Тогда я решил, что надо держаться от нее подальше; буду сидеть за своим столом и ждать — пусть сама откроется. А когда увижу, что кто–то из нее выходит, побегу следом — не приближаясь к ней, — расспрошу того человека и раскрою тайну белой двери
[36].
К сожалению, мой стол стоял в углу, откуда белая дверь не просматривалась — разве что если встать позади стола и изогнуться наподобие надломленной соломинки. В этой позе я простоял полчаса, затем ко мне подошел Оскар: такое зрелище, прошептал он, смертельно пугает окружающих.
Я спросил Оскара, кто работает там, за дверью. Он рассмеялся:
— Да никто, старина; это просто–напросто стенной шкаф. Обыкновенный стенной шкаф.
Но я же своими глазами видел, как туда вошли люди, возразил я, значит, это точно не шкаф.
— Слушай, Фрэнклин, а ты сегодня лекарство принял? — спросил Оскар.
— Да
[37].
Я мог бы и дальше стоять, согнувшись крючком, но вмего этого начал потихоньку двигать стол, и двигал его до тех ор, пока он не уперся в стол моей коллеги. Неловко вышло.
— Фрэнклин, будьте добры, чуточку отодвиньте свой стол назад, — попросила она.
— Конечно, — сказал я.
Но не сдвинул его ни на дюйм.
А когда она ушла на совещание, я подвинул и ее стол, и соседний, и так постепенно передвинул все столы.
С того дня, когда сотрудники уходили на совещание и я хоть на несколько секунд оставался один, я продолжал помаленьку двигать столы. В остальное время я воображал себе такую картину: повинуясь тектоническим силам, столы, подобно материкам, сами движутся по темно–синему ковру.

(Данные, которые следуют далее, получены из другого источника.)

lemma star_proj_bd_join_vertex:
  fixes c :: "nat set \<Rightarrow> 'a::field"
  assumes K: "simplicial_complex K"
  shows "star_proj v (bd K (join_vertex K v c)) = - join_vertex K v (bd (link K v) c)"
proof
  fix G
  show "star_proj v (bd K (join_vertex K v c)) G = (- join_vertex K v (bd (link K v) c)) G"
  proof (cases "v \<in> G \<and> G \<in> K")
    case False
    then show ?thesis
      by (auto simp: star_proj_def join_vertex_def bd_def)
  next
    case True
    define H where "H = G - {v}"
    have G: "G = insert v H" "v \<notin> H"
      using True by (auto simp: H_def)
    have "finite H"
      using simplicial_complex_finite_face[OF K] True by (simp add: H_def)
    have summand: "(if insert w G \<in> K then insert_sign G w * join_vertex K v c (insert w G) else 0)
        = - (insert_sign H v * (if insert w G \<in> K then insert_sign H w * c (insert w H) else 0))"
      if w: "w \<in> \<Union>K - G" for w
    proof -
      have "w \<noteq> v" "w \<notin> H"
        using w G by auto
      \<comment> \<open>moving v past w and w past v: exactly one of the two signs flips\<close>
      have "insert_sign G w = (if v < w then - insert_sign H w else (insert_sign H w :: 'a))"
        using insert_sign_insert[OF \<open>finite H\<close> G(2), of w] G(1) by simp
      moreover have "insert_sign (insert w H) v = (if w < v then - insert_sign H v else (insert_sign H v :: 'a))"
        using insert_sign_insert[OF \<open>finite H\<close> \<open>w \<notin> H\<close>, of v] by simp
      moreover have "insert w G - {v} = insert w H" "v \<in> insert w G"
        using G \<open>w \<noteq> v\<close> by auto
      ultimately show ?thesis
        using \<open>w \<noteq> v\<close> by (cases "v < w") (auto simp: join_vertex_def mult_ac)
    qed
    have "bd K (join_vertex K v c) G
        = (\<Sum>w\<in>\<Union>K - G. if insert w G \<in> K then insert_sign G w * join_vertex K v c (insert w G) else 0)"
      using True by (simp add: bd_eq_sum)
    also have "\<dots> = (\<Sum>w\<in>\<Union>K - G.
        - (insert_sign H v * (if insert w G \<in> K then insert_sign H w * c (insert w H) else 0)))"
      using summand by (rule sum.cong[OF refl])
    also have "\<dots> = - (insert_sign H v * bd (link K v) c H)"
      unfolding bd_link[OF K G(2) True[unfolded G(1), THEN conjunct2]] G(1)
      by (simp add: sum_negf sum_distrib_left)
    also have "\<dots> = - join_vertex K v (bd (link K v) c) G"
      using True by (simp add: join_vertex_def H_def)
    finally show ?thesis
      using True by (simp add: star_proj_def)
  qed
qed

lemma split_chain_complex_star:
  assumes K: "simplicial_complex K"
  shows "split_chain_complex fscale (chains TYPE('a::field) K) (bd K) (star_proj v)"
proof (intro split_chain_complex.intro split_chain_complex_axioms.intro finite_chain_complex_chains[OF K])
  show "star_proj v (bd K x) = 0" if "star_proj v x = 0" for x :: "nat set \<Rightarrow> 'a"
  proof (rule star_proj_bd_of_off_star)
    show "x F = 0" if "v \<in> F" for F
      using fun_cong[OF \<open>star_proj v x = 0\<close>, of F] that by (simp add: star_proj_def)
  qed
  show "star_proj v x \<in> chains TYPE('a) K p" if "x \<in> chains TYPE('a) K p" for x p
    using that by (rule star_proj_chains)
  show "star_proj v (star_proj v x) = star_proj v x" for x :: "nat set \<Rightarrow> 'a"
    by (simp add: star_proj_def fun_eq_iff)
qed (rule linear_star_proj)

lemma bd_deletion_chains:
  assumes "simplicial_complex K" "x \<in> chains TYPE('a::field) (deletion K v) p"
  shows "bd K x = bd (deletion K v) x"
  using assms by (intro bd_deletion[symmetric]) (auto simp: chains_def faces_def deletion_def)

lemma cycles_boundaries_deletion:
  assumes "simplicial_complex K"
  shows "cycles (chains TYPE('a::field) (deletion K v)) (bd K)
      = cycles (chains TYPE('a) (deletion K v)) (bd (deletion K v))"
    and "boundaries (chains TYPE('a) (deletion K v)) (bd K)
      = boundaries (chains TYPE('a) (deletion K v)) (bd (deletion K v))"
  using bd_deletion_chains[OF assms] by (blast intro: cycles_cong boundaries_cong)+

lemma shifted_isomorphism_link:
  assumes K: "simplicial_complex K"
  shows "shifted_isomorphism fscale (chains TYPE('a::field) (link K v)) (bd (link K v))
    (\<lambda>p. {x \<in> chains TYPE('a) K p. star_proj v x = x}) (\<lambda>x. star_proj v (bd K x)) (join_vertex K v)"
proof (intro shifted_isomorphism.intro shifted_isomorphism_axioms.intro linear_join_vertex
    finite_chain_complex_chains[OF simplicial_complex_link[OF K]])
  show "join_vertex K v ` chains TYPE('a) (link K v) (p - 1) = {x \<in> chains TYPE('a) K p. star_proj v x = x}"
    for p
    by (simp add: join_vertex_image[OF K])
  show "x = 0" if "x \<in> chains TYPE('a) (link K v) p" "join_vertex K v x = 0" for p x
    by (rule join_vertex_eq_zero[OF _ that(2)]) (use that(1) in \<open>auto simp: chains_def faces_def\<close>)
  show "star_proj v (bd K (join_vertex K v x)) = - join_vertex K v (bd (link K v) x)" for x
    by (rule star_proj_bd_join_vertex[OF K])
qed

text \<open>Relative to the star projection of v, the kernel complex D consists of the chains of the
  deletion and the image complex E is the shifted copy of the chains of the link.\<close>

theorem rhdim_eq_rhdim_deletion:
  assumes K: "simplicial_complex K"
    and link: "acyclic_complex (chains TYPE('a::field) (link K v)) (bd (link K v))"
  shows "rhdim TYPE('a) K p = rhdim TYPE('a) (deletion K v) p"
proof -
  interpret split_chain_complex fscale "chains TYPE('a) K" "bd K" "star_proj v"
    by (rule split_chain_complex_star[OF K])
  interpret L: shifted_isomorphism fscale "chains TYPE('a) (link K v)" "bd (link K v)" E
      "\<lambda>x. star_proj v (bd K x)" "join_vertex K v"
    using shifted_isomorphism_link[OF K] by (simp add: E_def[abs_def])
  have "D = chains TYPE('a) (deletion K v)"
    by (simp add: fun_eq_iff D_def chains_deletion)
  then have "rhdim TYPE('a) (deletion K v) p = VS.homology_dim D (bd K) p"
    by (simp add: rhdim_eq_homology_dim VS.homology_dim_def cycles_boundaries_deletion[OF K])
  also have "\<dots> = rhdim TYPE('a) K p"
    using homology_dim_eq_kernel[OF L.acyclic_shifted[OF link]] by (simp add: rhdim_eq_homology_dim)
  finally show ?thesis ..
qed

theorem rhdim_eq_rhdim_link:
  assumes K: "simplicial_complex K"
    and deletion: "acyclic_complex (chains TYPE('a::field) (deletion K v)) (bd (deletion K v))"
  shows "rhdim TYPE('a) K p = rhdim TYPE('a) (link K v) (p - 1)"
proof -
  interpret split_chain_complex fscale "chains TYPE('a) K" "bd K" "star_proj v"
    by (rule split_chain_complex_star[OF K])
  interpret L: shifted_isomorphism fscale "chains TYPE('a) (link K v)" "bd (link K v)" E
      "\<lambda>x. star_proj v (bd K x)" "join_vertex K v"
    using shifted_isomorphism_link[OF K] by (simp add: E_def[abs_def])
  have "D = chains TYPE('a) (deletion K v)"
    by (simp add: fun_eq_iff D_def chains_deletion)
  then have "acyclic_complex D (bd K)"
    using deletion by (simp add: acyclic_complex_def cycles_boundaries_deletion[OF K])
  then show ?thesis
    using homology_dim_eq_image L.homology_dim_shifted by (simp add: rhdim_eq_homology_dim)
qed

section \<open>The complexes Omega\<close>

definition avoid_complex :: "nat set \<Rightarrow> nat set set \<Rightarrow> nat set set" where
  "avoid_complex V Ws = {F. F \<subseteq> V \<and> (\<exists>W\<in>Ws. F \<inter> W = {})}"

lemma simplicial_complex_avoid_complex:
  assumes "finite V"
  shows "simplicial_complex (avoid_complex V Ws)"
proof -
  have "avoid_complex V Ws \<subseteq> Pow V"
    by (auto simp: avoid_complex_def)
  then have "finite (avoid_complex V Ws)"
    using assms finite_subset by blast
  moreover have "G \<in> avoid_complex V Ws" if "F \<in> avoid_complex V Ws" "G \<subseteq> F" for F G
    using that by (auto simp: avoid_complex_def)
  ultimately show ?thesis
    by (simp add: simplicial_complex_def)
qed

lemma deletion_avoid_complex:
  "deletion (avoid_complex V (f ` I)) v = avoid_complex (V - {v}) ((\<lambda>i. f i - {v}) ` I)"
  by (auto simp: deletion_def avoid_complex_def)

lemma link_avoid_complex:
  "v \<in> V \<Longrightarrow> link (avoid_complex V (f ` I)) v = avoid_complex (V - {v}) (f ` {i \<in> I. v \<notin> f i})"
  by (auto simp: link_def avoid_complex_def)

lemma acyclic_avoid_complex_apex:
  assumes "finite V" "x \<in> V" "\<And>i. i \<in> I \<Longrightarrow> x \<notin> f i"
  shows "acyclic_complex (chains TYPE('a::field) (avoid_complex V (f ` I))) (bd (avoid_complex V (f ` I)))"
  by (rule acyclic_cone[OF simplicial_complex_avoid_complex[OF assms(1)]])
    (use assms(2,3) in \<open>auto simp: avoid_complex_def\<close>)

lemma acyclic_avoid_complex_empty_member:
  assumes "finite V" "x \<in> V" "i \<in> I" "f i = {}"
  shows "acyclic_complex (chains TYPE('a::field) (avoid_complex V (f ` I))) (bd (avoid_complex V (f ` I)))"
  by (rule acyclic_cone[OF simplicial_complex_avoid_complex[OF assms(1)]])
    (use assms(2-4) in \<open>auto simp: avoid_complex_def\<close>)

definition window :: "nat \<Rightarrow> nat \<Rightarrow> nat set" where
  "window t i = {i..<i + t}"

definition Omega_at :: "nat \<Rightarrow> nat \<Rightarrow> nat \<Rightarrow> nat set set" where
  "Omega_at a n t = avoid_complex {a + 1..a + n} (window t ` {a + 1..a + n - t + 1})"

lemma Omega_eq_Omega_at:
  assumes "1 \<le> t"
  shows "Omega n t = Omega_at 0 n t"
proof -
  have "{i..i + t - 1} = window t i" for i
    using assms by (auto simp: window_def)
  then show ?thesis
    unfolding Omega_def Omega_at_def avoid_complex_def by auto
qed

lemma Omega_at_self: "Omega_at a t t = {{}}"
proof -
  have "window t (a + 1) = {a + 1..a + t}"
    by (auto simp: window_def)
  then have "Omega_at a t t = avoid_complex {a + 1..a + t} {{a + 1..a + t}}"
    by (simp add: Omega_at_def)
  then show ?thesis
    by (auto simp: avoid_complex_def)
qed

text \<open>Deleting the vertex a+2+j does not change the homology: its link is a cone with apex a+1,
  since the only window containing a+1 also contains a+2+j.\<close>

lemma rhdim_strip_step:
  assumes t: "t + 1 \<le> n" and j: "Suc j \<le> t - 1"
  shows "rhdim TYPE('a::field) (avoid_complex ({a+1..a+n} - {a+2..a+1+j})
      ((\<lambda>i. window t i - {a+2..a+1+j}) ` {a+1..a+n-t+1})) p
    = rhdim TYPE('a) (avoid_complex ({a+1..a+n} - {a+2..a+1+Suc j})
      ((\<lambda>i. window t i - {a+2..a+1+Suc j}) ` {a+1..a+n-t+1})) p"
proof -
  let ?V = "{a+1..a+n}" and ?I = "{a+1..a+n-t+1}" and ?S = "{a+2..a+1+j}"
  define v where "v = a + 2 + j"
  define K where "K = avoid_complex (?V - ?S) ((\<lambda>i. window t i - ?S) ` ?I)"
  have v: "v \<in> ?V - ?S"
    using t j by (auto simp: v_def)
  have "acyclic_complex (chains TYPE('a) (link K v)) (bd (link K v))"
    unfolding K_def link_avoid_complex[OF v]
  proof (rule acyclic_avoid_complex_apex[where x = "a + 1"])
    show "a + 1 \<in> ?V - ?S - {v}"
      using t by (auto simp: v_def)
    fix i assume i: "i \<in> {i \<in> ?I. v \<notin> window t i - ?S}"
    show "a + 1 \<notin> window t i - ?S"
    proof
      assume "a + 1 \<in> window t i - ?S"
      then have "i \<le> a + 1"
        by (simp add: window_def)
      then have "i = a + 1"
        using i by simp
      moreover have "v \<in> window t (a + 1) - ?S"
        using j by (simp add: window_def v_def)
      ultimately show False
        using i by simp
    qed
  qed simp
  moreover have "simplicial_complex K"
    unfolding K_def by (rule simplicial_complex_avoid_complex) simp
  ultimately have "rhdim TYPE('a) K p = rhdim TYPE('a) (deletion K v) p"
    by (intro rhdim_eq_rhdim_deletion)
  moreover have "X - {a+2..a+1+Suc j} = X - ?S - {v}" for X
    by (auto simp: v_def)
  ultimately show ?thesis
    unfolding K_def deletion_avoid_complex by simp
qed

lemma rhdim_Omega_at_strip:
  assumes t: "t + 1 \<le> n" and j: "j \<le> t - 1"
  shows "rhdim TYPE('a::field) (Omega_at a n t) p =
    rhdim TYPE('a) (avoid_complex ({a+1..a+n} - {a+2..a+1+j})
      ((\<lambda>i. window t i - {a+2..a+1+j}) ` {a+1..a+n-t+1})) p"
  using j
proof (induction j)
  case 0
  then show ?case
    by (simp add: Omega_at_def)
next
  case (Suc j)
  then show ?case
    using rhdim_strip_step[OF t Suc.prems] by simp
qed

text \<open>After the stripping, a+1 lies in no window but the first, which has become {a+1, a+t+1};
  its deletion is therefore a full simplex, so only the link of a+1 contributes.\<close>

lemma rhdim_Omega_at_link:
  assumes t: "1 \<le> t" "t + 1 \<le> n"
  shows "rhdim TYPE('a::field) (Omega_at a n t) p = rhdim TYPE('a)
    (avoid_complex {a+t+1..a+n} ((\<lambda>i. window t i - {a+2..a+t}) ` {a+2..a+n-t+1})) (p - 1)"
proof -
  let ?V = "{a+1..a+n}" and ?I = "{a+1..a+n-t+1}" and ?S = "{a+2..a+t}"
  define X where "X = avoid_complex (?V - ?S) ((\<lambda>i. window t i - ?S) ` ?I)"
  have X: "simplicial_complex X"
    unfolding X_def by (rule simplicial_complex_avoid_complex) simp
  have "rhdim TYPE('a) (Omega_at a n t) p = rhdim TYPE('a) X p"
    using rhdim_Omega_at_strip[OF t(2), of "t - 1" a p] t by (simp add: X_def)
  also have "\<dots> = rhdim TYPE('a) (link X (a + 1)) (p - 1)"
  proof (rule rhdim_eq_rhdim_link[OF X])
    show "acyclic_complex (chains TYPE('a) (deletion X (a + 1))) (bd (deletion X (a + 1)))"
      unfolding X_def deletion_avoid_complex
      by (rule acyclic_avoid_complex_empty_member[where x = "a + t + 1" and i = "a + 1"])
        (use t in \<open>auto simp: window_def\<close>)
  qed
  also have "link X (a + 1)
      = avoid_complex {a+t+1..a+n} ((\<lambda>i. window t i - ?S) ` {a+2..a+n-t+1})"
  proof -
    have "a + 1 \<in> ?V - ?S"
      using t by simp
    moreover have "?V - ?S - {a + 1} = {a+t+1..a+n}"
      using t by auto
    moreover have "{i \<in> ?I. a + 1 \<notin> window t i - ?S} = {a+2..a+n-t+1}"
      using t by (auto simp: window_def)
    ultimately show ?thesis
      unfolding X_def by (simp add: link_avoid_complex)
  qed
  finally show ?thesis .
qed
lemma gauss_dominant_integral:
  assumes "s > 0" "r \<ge> 0"
  shows "integrable lborel (gauss_dominant s r)"
    and "integral\<^sup>L lborel (gauss_dominant s r) \<le> coeff_majorant s r"
proof -
  define A t where "A = exp (r + r\<^sup>2 / (2 * s\<^sup>2))" and "t = r / s\<^sup>2 + 1"
  have split: "gauss_dominant s r = (\<lambda>u. A * (gauss_dens s u * exp (t * \<bar>u\<bar>))
                 + exp r * (gauss_dens s u * exp (1 * \<bar>u\<bar>)))"
    unfolding gauss_dominant_def A_def t_def
    by (simp add: fun_eq_iff algebra_simps flip: exp_add)
  note int = gauss_dens_exp_abs(1)[OF \<open>s > 0\<close>]
  note bound = gauss_dens_exp_abs(2)[OF \<open>s > 0\<close>]
  show "integrable lborel (gauss_dominant s r)"
    unfolding split using int[of t] int[of 1] by simp
  have "integral\<^sup>L lborel (gauss_dominant s r)
      = A * (\<integral>u. gauss_dens s u * exp (t * \<bar>u\<bar>) \<partial>lborel)
        + exp r * (\<integral>u. gauss_dens s u * exp (1 * \<bar>u\<bar>) \<partial>lborel)"
    unfolding split using int[of t] int[of 1] by simp
  also have "\<dots> \<le> A * (2 * exp (t\<^sup>2 * s\<^sup>2 / 2)) + exp r * (2 * exp (1\<^sup>2 * s\<^sup>2 / 2))"
    by (intro add_mono mult_left_mono bound) (simp_all add: A_def)
  also have "A * (2 * exp (t\<^sup>2 * s\<^sup>2 / 2)) = 2 * exp (s\<^sup>2 / 2) * exp (r\<^sup>2 / s\<^sup>2 + 2 * r)"
  proof -
    have "r + r\<^sup>2 / (2 * s\<^sup>2) + t\<^sup>2 * s\<^sup>2 / 2 = s\<^sup>2 / 2 + (r\<^sup>2 / s\<^sup>2 + 2 * r)"
      using \<open>s > 0\<close> by (simp add: t_def field_simps power2_eq_square)
    then show ?thesis
      unfolding A_def by (simp flip: exp_add)
  qed
  also have "exp r * (2 * exp (1\<^sup>2 * s\<^sup>2 / 2)) \<le> 2 * exp (s\<^sup>2 / 2) * exp (r\<^sup>2 / s\<^sup>2 + 2 * r)"
    using assms by simp
  finally show "integral\<^sup>L lborel (gauss_dominant s r) \<le> coeff_majorant s r"
    unfolding coeff_majorant_def by simp
qed

section \<open>Taylor coefficients of the smoothed function\<close>

lemma smooth_eq_integral_shift: "smooth l s \<theta> = (\<integral>u. l u * gauss_dens s (\<theta> - u) \<partial>lborel)"
  unfolding smooth_def
  using lborel_integral_real_affine[of "-1" "\<lambda>y. l (\<theta> - y) * gauss_dens s y" \<theta>] by simp

lemma exp_mult_gauss_dens_shift:
  assumes "s > 0"
  shows "exp \<theta> * gauss_dens s (\<theta> - u)
    = gauss_dens s u * exp (- \<theta>\<^sup>2 / (2 * s\<^sup>2) + \<theta> * (1 + u / s\<^sup>2))"
proof -
  have "\<theta> + - (\<theta> - u)\<^sup>2 / (2 * s\<^sup>2) = - u\<^sup>2 / (2 * s\<^sup>2) + (- \<theta>\<^sup>2 / (2 * s\<^sup>2) + \<theta> * (1 + u / s\<^sup>2))"
    using assms by (simp add: field_simps power2_eq_square)
  then show ?thesis
    unfolding gauss_dens_def by (simp add: mult_ac flip: exp_add)
qed

definition smooth_coeff :: "(real \<Rightarrow> real) \<Rightarrow> real \<Rightarrow> nat \<Rightarrow> real" where
  "smooth_coeff l s n = (\<integral>u. l u * gauss_dens s u * kernel_coeff s n u \<partial>lborel)"

context
  fixes l :: "real \<Rightarrow> real" and s :: real
  assumes s_pos: "s > 0"
    and l_measurable [measurable]: "l \<in> borel_measurable borel"
    and l_bound: "\<And>u. \<bar>l u\<bar> \<le> \<bar>u\<bar>"
begin

lemma weighted_le_gauss_dominant:
  assumes "0 \<le> g" "g \<le> exp (r + r\<^sup>2 / (2 * s\<^sup>2) + r / s\<^sup>2 * \<bar>u\<bar>) + exp r"
  shows "\<bar>l u * gauss_dens s u\<bar> * g \<le> gauss_dominant s r u"
proof -
  have "\<bar>l u\<bar> \<le> exp \<bar>u\<bar>"
    using l_bound[of u] exp_ge_add_one_self[of "\<bar>u\<bar>"] by linarith
  then have "\<bar>l u * gauss_dens s u\<bar> \<le> gauss_dens s u * exp \<bar>u\<bar>"
    using gauss_dens_nonneg by (simp add: abs_mult mult.commute mult_left_mono)
  then show ?thesis
    unfolding gauss_dominant_def using assms gauss_dens_nonneg
    by (intro mult_mono) auto
qed

lemma integrable_of_le_gauss_dominant:
  assumes [measurable]: "g \<in> borel_measurable borel" and "r \<ge> 0"
    and "\<And>u. 0 \<le> g u" "\<And>u. g u \<le> exp (r + r\<^sup>2 / (2 * s\<^sup>2) + r / s\<^sup>2 * \<bar>u\<bar>) + exp r"
  shows "integrable lborel (\<lambda>u. l u * gauss_dens s u * g u)"
proof (rule Bochner_Integration.integrable_bound[OF gauss_dominant_integral(1)[OF s_pos \<open>r \<ge> 0\<close>]])
  show "(\<lambda>u. l u * gauss_dens s u * g u) \<in> borel_measurable lborel"
    by measurable
  have "\<bar>l u * gauss_dens s u * g u\<bar> \<le> gauss_dominant s r u" for u
    using weighted_le_gauss_dominant[of "g u" r u] assms by (simp add: abs_mult)
  then have "norm (l u * gauss_dens s u * g u) \<le> norm (gauss_dominant s r u)" for u
    by (metis real_norm_def abs_ge_self order_trans)
  then show "AE u in lborel. norm (l u * gauss_dens s u * g u) \<le> norm (gauss_dominant s r u)"
    by simp
qed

Однажды кто–то из сотрудников споткнулся об электрический провод, натянувшийся в результате моих силовых упражнений, и заорал:
— Какого черта!..
В обеденный перерыв я помчался в магазин и купил удлинитель, чтобы и впредь тайком двигать столы
[38].
В первые несколько дней после возвращения на работу мне не удалось как следует передвинуть все столы. Я попрежнему не видел со своего места белую дверь. Поэтому в пятницу я пришел пораньше и занялся столами, а в обеденный перерыв, когда все ушли есть, в моем распоряжении оказалось достаточно времени, и я добился–таки своего — получил великолепную точку обзора.
Теперь я мог просто сидеть за столом, держась от белой двери на почтительном расстоянии, и наблюдать за коридором, который вел к объекту. План у меня был простой: едва дверь откроется, я вскочу, рванусь к тому, кто из нее выйдет, и спрошу, что там, черт подери, происходит, отчего меня охватывает чувство полной обреченности.
Окрыленный успехом, я сидел и ждал, целиком сосредоточившись на двери, и вдруг сотрудник с другого конца комнаты закричал:
— Постойте, я же сидел у окна! Кто, вашу мать, сдвинул мой стол?!